Eni has however criticised the way it was calculated because the calculation allegedly ignored the possibility that Nigeria had the right to revise the deal to claim a 50 per cent share of the production revenues.

“We discovered that Shell had constructed a deal that cut Nigeria out of their share of profit from the block,” a campaigner at Global Witness, Ava Lee, told the BBC’s World Business Report.

He added that ”This amount of money would be enough to educate six million teachers in Nigeria. It really can’t be underestimated just how big a deal this could be for a country that right now has the highest rates of extreme poverty in the world.”

Eni and Shell, who are being considered by for charges of corruption by a court in Milan for the controversial oil deal, have been accused of knowing that the money they paid to Nigeria would be used for bribes.

They have however denied any wrongdoing.

Read also: Buhari approves increment of police officers’ salary

A former Nigerian oil minister, Dan Etete, was found guilty by a court in France of money laundering and it emerged he used illicit funds to buy a speed boat and a chateau. It is also claimed he had so much cash in $100 bills that it weighed five tonnes.
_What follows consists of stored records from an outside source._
(* Let $I=[0,1]$ and $I'=[0',1']$ be two copies of the unit interval, and let $f\colon I\sqcup I'\to I$ be any continuous map with $f(0)=f(0')=0$ and $f(1)=f(1')=1$. Then $(0,0')$ and $(1,1')$ belong to the same connected component of $\Sigma_f$.
   Context: $\Sigma_f=\{(x,y)\in (I\sqcup I')^2: x\ne y,\ f(x)=f(y)\}$. *)

theory Defs
  imports "HOL-Analysis.Analysis"
begin

text \<open>The disjoint union I \<squnion> I' of two copies of [0,1]: the point (False, t) is t \<in> I,
  the point (True, t) is t' \<in> I'.\<close>
definition II :: "(bool \<times> real) topology" where
  "II = sum_topology (\<lambda>_. top_of_set {0..1}) UNIV"

definition Sigma_f :: "(bool \<times> real \<Rightarrow> real) \<Rightarrow> ((bool \<times> real) \<times> (bool \<times> real)) set" where
  "Sigma_f f = {(x, y). x \<in> topspace II \<and> y \<in> topspace II \<and> x \<noteq> y \<and> f x = f y}"

end

theory Submission
  imports Defs
begin

text \<open>
  Restricted to the two copies of the interval, f gives maps g, h of [0,1] fixing 0 and 1, and
  (s, t) \<mapsto> (s, t') embeds the coincidence set K = {(s, t). g s = h t} into Sigma_f, so it
  suffices that (0,0) and (1,1) lie in one component of the compact set K. Otherwise K splits
  into disjoint closed sets U \<ni> (0,0) and V \<ni> (1,1). Extend g and h by the identity to
  [-1,2]; then the zero set of p(s,t) = g s - h t in the square [-1,2] x [-1,2] is K together with
  two diagonal segments, one attached to U and one to V. Enlarging U by its segment and the bottom
  edge, V by its segment and the top edge, a Urysohn function \<chi> for the enlarged sets and p
  satisfy the sign conditions of the two-dimensional Poincare-Miranda theorem, so they have a
  common zero; but every zero of p lies in one of the enlarged sets, where \<chi> = \<plusminus>1.
\<close>

lemma clamp_fixpoint_eq_0:
  fixes a b x y :: real
  assumes "x \<in> {a..b}" and "x = max a (min b (x - y))"
    and "x = a \<Longrightarrow> y \<le> 0" and "x = b \<Longrightarrow> 0 \<le> y"
  shows "y = 0"
  using assms by (auto simp: max_def min_def split: if_splits)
The court in Milan is weighing evidence of how Etete, awarded ownership of OPL 245 to Malabu, a company he secretly controlled.

He was also accused of paying bribes to others in the government to ensure that process went smoothly.

Shell and Eni are accused of knowing the $1.1bn they paid to Nigeria would be used for bribes, claims based on the content of emails which have since emerged.

“Looking at the emails it seems that Shell knew that the deal they were constructing was misleading but they went ahead with it anyway even though a number of Nigerian officials raised concerns about this scandalous, scandalous deal,” Ava Lee of Global Witness, said.

Shell, in a statement to BBC World Business Report said: “Since this matter is before the Tribunal of Milan it would not be appropriate for us to comment in detail. Issues that are under consideration as part of a trial process should be adjudicated in court and we do not wish to interfere with this process.

“We maintain that the settlement was a fully legal transaction and we believe the trial judges in Italy will conclude that there is no case against Shell or its former employees.”

Eni has also denied any wrongdoing and told the BBC that it questions the competence of the experts commissioned by Global Witness and its “partners”, as well as raising the possibility that the report by the campaign group is defamatory.

The company also said “as this matter is currently before the Tribunal of Milan, we are unable to comment in detail.

“Global Witness together with its partners Corner House, HEDA Resource Centre and Re: Common had requested twice to be admitted as aggrieved parties in the Milan proceedings. On both occasions, the request was firmly denied by the Tribunal of Milan.”